Chapter 3: The Village of Sandy Isle

I lay on my side in the morning, watching the sun come up through a glassless window. Its awning had kept some of the rain out before it had ripped away in the wind. What had gotten in formed a puddle on the floor and was slowly dripping through the cracks.

It was chill in the little shack, the charcoal long since burned out. I was pressed close against Nevianne’s naked back, enjoying her body heat, my arm around her waist but careful not to touch anything that would get me slapped or worse; I had no idea what the sexual mores were of these people except for having my hand slapped away.

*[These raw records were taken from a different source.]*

(* Let $X=\{0,1\}$ and $c\geq1$. Let $\widetilde K_{1,01}(c)$ be the set of all $w\in X^c$ such that the sequence $(1,01,w)$ is not a code, and let $J_{1,01}(c)$ be the set of all words in $X^c$ that do not contain two consecutive $0$'s (i.e. do not contain $00$ as a factor). Then $\widetilde K_{1,01}(c)=J_{1,01}(c)$, and $|\widetilde K_{1,01}(c)|=F_{c+2}$, where $F_k$ is the $k$-th Fibonacci number ($F_0=0$, $F_1=1$, $F_k=F_{k-1}+F_{k-2}$).
   Context: A code over $X$ is a finite sequence $C=(v_1,\ldots,v_m)$ of words over $X$ such that every $w\in X^*$ has at most one factorization into code-words: if $w=v_{i_1}\cdots v_{i_l}=v_{j_1}\cdots v_{j_{l'}}$ with $l,l'\geq1$, then $l=l'$ and $i_t=j_t$ for all $t$. *)

theory Defs
  imports Main "HOL-Number_Theory.Fib"
begin

text \<open>Words over X = {0,1} are represented as bool lists: False = 0, True = 1.
  A code is a finite sequence (list) of words C = [v_1,...,v_m] such that every word
  has at most one factorization into code words (index sequences of length >= 1).\<close>

definition is_code :: "'a list list \<Rightarrow> bool" where
  "is_code C \<longleftrightarrow>
     (\<forall>is js. is \<noteq> [] \<longrightarrow> js \<noteq> [] \<longrightarrow>
        set is \<subseteq> {..<length C} \<longrightarrow> set js \<subseteq> {..<length C} \<longrightarrow>
        concat (map (\<lambda>i. C ! i) is) = concat (map (\<lambda>i. C ! i) js) \<longrightarrow> is = js)"

definition zero :: bool where "zero = False"
definition one :: bool where "one = True"

definition Ktilde :: "nat \<Rightarrow> bool list set" where
  "Ktilde c = {w. length w = c \<and> \<not> is_code [[one], [zero, one], w]}"

definition J :: "nat \<Rightarrow> bool list set" where
  "J c = {w. length w = c \<and> \<not> (\<exists>u v. w = u @ [zero, zero] @ v)}"

end

theory Submission
  imports Defs "HOL-Library.Sublist"
begin

text \<open>The words of \<open>{1, 01}\<^sup>*\<close> are exactly the words without factor \<open>00\<close> that do not end
  in \<open>0\<close>. If \<open>w\<close> has no factor \<open>00\<close>, then \<open>w\<close> or \<open>w1\<close> lies in \<open>{1, 01}\<^sup>*\<close>, and its factorization
  over \<open>{1, 01}\<close> competes with the one beginning with the code word \<open>w\<close>. Conversely, let \<open>w\<close>
  contain \<open>00\<close> and take two factorizations with different first code words. They cannot start
  with \<open>1\<close> and \<open>01\<close>, so one starts with \<open>w\<close> while the other starts with a nonempty
  \<open>p \<in> {1, 01}\<^sup>*\<close> followed by \<open>w\<close> (or by nothing). Then \<open>w\<close> is a prefix of \<open>p\<close> or of \<open>pw\<close>; in the second
  case \<open>pw = ws\<close>, so \<open>w\<close> is a prefix of a power of \<open>p\<close>. Either way \<open>w\<close> is a factor of a
  word of \<open>{1, 01}\<^sup>*\<close>, which contains no \<open>00\<close>. Counting the words without \<open>00\<close> by their first
  letters gives the Fibonacci recursion.\<close>

lemma sublist_00_append:
  "sublist [False, False] (p @ q) \<longleftrightarrow>
     sublist [False, False] p \<or> sublist [False, False] q \<or> suffix [False] p \<and> prefix [False] q"
  by (auto simp: sublist_append append_eq_Cons_conv Cons_eq_append_conv)

lemma sublist_00_Cons:
  "sublist [False, False] (x # r) \<longleftrightarrow> \<not> x \<and> prefix [False] r \<or> sublist [False, False] r"
  by (auto simp: sublist_Cons_right prefix_Cons)

lemma J_conv_sublist: "J n = {w. length w = n \<and> \<not> sublist [False, False] w}"
  by (auto simp: J_def sublist_def zero_def)

lemma finite_J: "finite (J n)"
  by (rule finite_subset[OF _ finite_lists_length_eq[of UNIV n]]) (auto simp: J_def)

lemma J_Suc_Suc: "J (Suc (Suc n)) = Cons True ` J (Suc n) \<union> (\<lambda>r. False # True # r) ` J n"
proof (intro equalityI subsetI)
  fix w assume "w \<in> J (Suc (Suc n))"
  then obtain x y r where "w = x # y # r" "length r = n" "\<not> sublist [False, False] w"
    by (auto simp: J_conv_sublist length_Suc_conv)
  then show "w \<in> Cons True ` J (Suc n) \<union> (\<lambda>r. False # True # r) ` J n"
    by (cases x; cases y) (auto simp: J_conv_sublist sublist_00_Cons prefix_Cons)
qed (auto simp: J_conv_sublist sublist_00_Cons prefix_Cons)

lemma card_J: "card (J n) = fib (n + 2)"
proof (induction n rule: fib.induct)
  case 1
  have "J 0 = {[]}" by (auto simp: J_conv_sublist)
  then show ?case by simp
next
  case 2
  have "J 1 = {[True], [False]}" by (auto simp: J_conv_sublist length_Suc_conv sublist_00_Cons)
  then show ?case by (simp add: numeral_3_eq_3)
next
  case (3 n)
  have "card (J (Suc (Suc n))) = card (J (Suc n)) + card (J n)"
    unfolding J_Suc_Suc by (subst card_Un_disjoint) (auto simp: finite_J card_image inj_on_def)
  then show ?case using 3 by simp
qed

lemma concat_lists_1_01_iff:
  "v \<in> concat ` lists {[True], [False, True]} \<longleftrightarrow>
     \<not> sublist [False, False] v \<and> \<not> suffix [False] v"
proof
  assume "v \<in> concat ` lists {[True], [False, True]}"
  then obtain vs where vs: "vs \<in> lists {[True], [False, True]}" and "v = concat vs" by blast
  from vs have "\<not> sublist [False, False] (concat vs) \<and> \<not> suffix [False] (concat vs)"
  proof (induction vs)
    case (Cons u vs)
    then have "u = [True] \<or> u = [False, True]"
      and "\<not> sublist [False, False] (concat vs) \<and> \<not> suffix [False] (concat vs)" by simp_all
    then show ?case by (elim disjE) (simp_all add: sublist_00_Cons suffix_Cons)
  qed simp
  with \<open>v = concat vs\<close> show "\<not> sublist [False, False] v \<and> \<not> suffix [False] v" by simp
next
  assume "\<not> sublist [False, False] v \<and> \<not> suffix [False] v"
  then show "v \<in> concat ` lists {[True], [False, True]}"
  proof (induction "length v" arbitrary: v rule: less_induct)
    case less
    show ?case
    proof (cases v)
      case Nil
      then show ?thesis by (intro image_eqI[of _ _ "[]"]) auto
    next
      case (Cons x r)
      show ?thesis
      proof (cases x)
        case True
        then have "r \<in> concat ` lists {[True], [False, True]}"
          using less.prems Cons by (intro less.hyps) (auto simp: sublist_00_Cons suffix_Cons)
        then obtain rs where "rs \<in> lists {[True], [False, True]}" "r = concat rs" by blast
        then show ?thesis using Cons True by (intro image_eqI[of _ _ "[True] # rs"]) auto
      next
        case False
        then obtain r' where "r = True # r'"
          using less.prems Cons by (cases r) (auto simp: sublist_00_Cons suffix_Cons)
        then have "r' \<in> concat ` lists {[True], [False, True]}"
          using less.prems Cons by (intro less.hyps) (auto simp: sublist_00_Cons suffix_Cons)
        then obtain rs where "rs \<in> lists {[True], [False, True]}" "r' = concat rs" by blast
        then show ?thesis using Cons False \<open>r = True # r'\<close>
          by (intro image_eqI[of _ _ "[False, True] # rs"]) auto
      qed
    qed
  qed
qed

lemma concat_replicate_in_concat_lists:
  "p \<in> concat ` lists A \<Longrightarrow> concat (replicate n p) \<in> concat ` lists A"
proof (induction n)
  case 0
  show ?case by (intro image_eqI[of _ _ "[]"]) auto
next
  case (Suc n)
  then obtain vs vs' where "vs \<in> lists A" "p = concat vs"
    "vs' \<in> lists A" "concat (replicate n p) = concat vs'" by blast
  then show ?case by (intro image_eqI[of _ _ "vs @ vs'"]) auto
qed

lemma prefix_concat_replicate_if_conjugate:
  assumes "p @ w = w @ s" "p \<noteq> []"
  shows "prefix w (concat (replicate (length w) p))"
proof -
  have prefix_power: "prefix w (concat (replicate n p) @ w)" for n
  proof (induction n)
    case (Suc n)
    then obtain t where t: "concat (replicate n p) @ w = w @ t" by (rule prefixE)
    have "concat (replicate (Suc n) p) @ w = p @ concat (replicate n p) @ w" by simp
    also have "\<dots> = (p @ w) @ t" using t by simp
    also have "\<dots> = w @ s @ t" using assms(1) by simp
    finally show ?case by (rule prefixI)
  qed simp
  have "length (concat (replicate k p)) = k * length p" for k
    by (induction k) simp_all
  then have "length w \<le> length (concat (replicate (length w) p))"
    using assms(2) by (simp add: Suc_le_eq)
  with prefix_length_prefix[OF prefix_power[of "length w"]] show ?thesis
    by simp
qed

lemma concat_lists_1_01_eq_indices:
  "concat ` lists {[True], [False, True]} =
     (\<lambda>ks. concat (map ((!) [[True], [False, True], w]) ks)) ` lists {0, 1}"
proof -
  have "{[True], [False, True]} = (!) [[True], [False, True], w] ` {0, 1}" by simp
  then show ?thesis by (simp only: lists_image image_comp comp_def)
qed

lemma is_code_if_heads_differ:
  assumes nonempty: "[] \<notin> set C"
    and heads: "\<And>i j is js. i \<noteq> j \<Longrightarrow> set (i # is) \<subseteq> {..<length C} \<Longrightarrow>
      set (j # js) \<subseteq> {..<length C} \<Longrightarrow>
      concat (map ((!) C) (i # is)) \<noteq> concat (map ((!) C) (j # js))"
  shows "is_code C"
  unfolding is_code_def
proof (intro allI impI)
  have empty: "ks = []" if "set ks \<subseteq> {..<length C}" "concat (map ((!) C) ks) = []" for ks
    using that nonempty by (cases ks) (auto dest: nth_mem)
  fix ks ls :: "nat list"
  assume "ks \<noteq> []" "ls \<noteq> []" "set ks \<subseteq> {..<length C}" "set ls \<subseteq> {..<length C}"
    "concat (map ((!) C) ks) = concat (map ((!) C) ls)"
  then show "ks = ls"
  proof (induction ks arbitrary: ls)
    case (Cons i ks)
    then obtain j ls' where ls: "ls = j # ls'" by (cases ls) auto
    with Cons.prems heads have "i = j" by blast
    with Cons.prems ls have "concat (map ((!) C) ks) = concat (map ((!) C) ls')" by simp
    moreover have "ks = [] \<longleftrightarrow> ls' = []"
      using calculation empty[of ks] empty[of ls'] Cons.prems(3,4) ls by auto
    ultimately show ?case using Cons.IH Cons.prems(3,4) ls \<open>i = j\<close> by auto
  qed simp
qed

lemma not_prefix_concat_if_sublist_00:
  assumes "sublist [False, False] w" "set ks \<subseteq> {..<3}" "ks \<noteq> []" "hd ks \<noteq> 2"
  shows "\<not> prefix w (concat (map ((!) [[True], [False, True], w]) ks))"
proof
  let ?f = "(!) [[True], [False, True], w]"
  let ?star = "concat ` lists {[True], [False, True]}"
  define us where "us = takeWhile (\<lambda>i. i \<noteq> 2) ks"
  define rest where "rest = dropWhile (\<lambda>i. i \<noteq> 2) ks"
  define p where "p = concat (map ?f us)"
  have "ks = us @ rest" unfolding us_def rest_def by simp
  moreover assume "prefix w (concat (map ?f ks))"
  ultimately have prefix_w: "prefix w (p @ concat (map ?f rest))"
    unfolding p_def by simp
  have "us \<in> lists {0, 1}"
    using assms(2) set_takeWhileD unfolding us_def by fastforce
  then have "p \<in> ?star"
    unfolding p_def concat_lists_1_01_eq_indices[of w] by blast
  have "us \<noteq> []" using assms(3,4) unfolding us_def by (cases ks) auto
  with \<open>us \<in> lists {0, 1}\<close> have "p \<noteq> []" unfolding p_def by (cases us) auto
  have no_00_star: "\<not> prefix w q" if "q \<in> ?star" for q
  proof
    assume "prefix w q"
    with assms(1) have "sublist [False, False] q"
      using prefix_imp_sublist sublist_order.order_trans by blast
    with that show False using concat_lists_1_01_iff by blast
  qed
  show False
  proof (cases rest)
    case Nil
    with prefix_w no_00_star \<open>p \<in> ?star\<close> show False by simp
  next
    case (Cons r rs)
    then have "rest = 2 # rs" unfolding rest_def by (auto simp: dropWhile_eq_Cons_conv)
    with prefix_w have "prefix w ((p @ w) @ concat (map ?f rs))" by simp
    then have "prefix w (p @ w)" by (rule prefix_length_prefix) auto
    then obtain s where "p @ w = w @ s" by (auto simp: prefix_def)
    then have "prefix w (concat (replicate (length w) p))"
      using \<open>p \<noteq> []\<close> by (rule prefix_concat_replicate_if_conjugate)
    moreover have "concat (replicate (length w) p) \<in> ?star"
      using \<open>p \<in> ?star\<close> by (rule concat_replicate_in_concat_lists)
    ultimately show False using no_00_star by blast
  qed
qed

lemma is_code_1_01_if_sublist_00:
  assumes "sublist [False, False] w"
  shows "is_code [[True], [False, True], w]"
proof (rule is_code_if_heads_differ)
  let ?f = "(!) [[True], [False, True], w]"
  show "[] \<notin> set [[True], [False, True], w]" using assms by auto
  have w_not_prefix: "w @ v \<noteq> concat (map ?f (k # ks))"
    if "k \<noteq> 2" "set (k # ks) \<subseteq> {..<3}" for k ks v
    using not_prefix_concat_if_sublist_00[OF assms that(2)] that(1)
    by (metis list.distinct(1) list.sel(1) prefixI)
  fix i j ks ls
  assume "i \<noteq> j" "set (i # ks) \<subseteq> {..<length [[True], [False, True], w]}"
    "set (j # ls) \<subseteq> {..<length [[True], [False, True], w]}"
  then have ij: "i \<noteq> j" "set (i # ks) \<subseteq> {..<3}" "set (j # ls) \<subseteq> {..<3}"
    by (simp_all add: numeral_3_eq_3)
  show "concat (map ?f (i # ks)) \<noteq> concat (map ?f (j # ls))"
  proof (cases "i = 2 \<or> j = 2")
    case True
    then show ?thesis
    proof
      assume "i = 2"
      with ij w_not_prefix[of j ls "concat (map ?f ks)"] show ?thesis by simp
    next
      assume "j = 2"
      with ij w_not_prefix[of i ks "concat (map ?f ls)"] show ?thesis by auto
    qed
  next
    case False
    with ij have "i = 0 \<and> j = 1 \<or> i = 1 \<and> j = 0" by auto
    then show ?thesis by auto
  qed
qed

lemma not_is_code_1_01_if_not_sublist_00:
  assumes "\<not> sublist [False, False] w" "w \<noteq> []"
  shows "\<not> is_code [[True], [False, True], w]"
proof
  let ?f = "(!) [[True], [False, True], w]"
  assume code: "is_code [[True], [False, True], w]"
  \<comment> \<open>Appending \<open>1\<close> if necessary puts \<open>w\<close> into \<open>{1, 01}\<^sup>*\<close>.\<close>
  define ts :: "nat list" where "ts = (if suffix [False] w then [0] else [])"
  have "w @ concat (map ?f ts) \<in> concat ` lists {[True], [False, True]}"
    using assms(1) unfolding concat_lists_1_01_iff ts_def
    by (auto simp: sublist_00_append sublist_00_Cons suffix_append suffix_Cons)
  then obtain ks where ks: "ks \<in> lists {0, 1}" "concat (map ?f ks) = w @ concat (map ?f ts)"
    unfolding concat_lists_1_01_eq_indices[of w] by (metis (no_types, lifting) imageE)
  with assms(2) have "ks \<noteq> []" by auto
  have "2 # ts = ks"
    using ks \<open>ks \<noteq> []\<close> by (intro code[unfolded is_code_def, rule_format]) (auto simp: ts_def)
  with ks show False by auto
qed

lemma is_code_1_01_iff:
  "w \<noteq> [] \<Longrightarrow> is_code [[True], [False, True], w] \<longleftrightarrow> sublist [False, False] w"
  using is_code_1_01_if_sublist_00 not_is_code_1_01_if_not_sublist_00 by blast

theorem proposition4:
  fixes c :: nat
  assumes "c \<ge> 1"
  shows "Ktilde c = J c \<and> card (Ktilde c) = fib (c + 2)"
proof -
  have "is_code [[True], [False, True], w] \<longleftrightarrow> sublist [False, False] w" if "length w = c" for w
    using that assms by (intro is_code_1_01_iff) auto
  then have "Ktilde c = J c"
    unfolding Ktilde_def J_conv_sublist one_def zero_def by auto
  then show ?thesis using card_J by simp
qed

end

I needed to use that chamber pot, but I didn’t want to get out of the sack for it before absolutely necessary.

Instead, I used the time to think. I was far from home even though I was close to the spot where I started. Returning was going to be a hit or miss proposition, with way more misses than hits. I was also intrigued by the idea of the “Dark Lord,” and impressed beyond measure by the willingness of my hostess to sacrifice herself for all eternity to help her neighbors. That seemed extreme. I could maybe, kinda sorta, see it for as long as it took the demon to solve her problem – whatever it was; a week or so, maybe a month. In exchange for eternity seemed kind of lop-sided.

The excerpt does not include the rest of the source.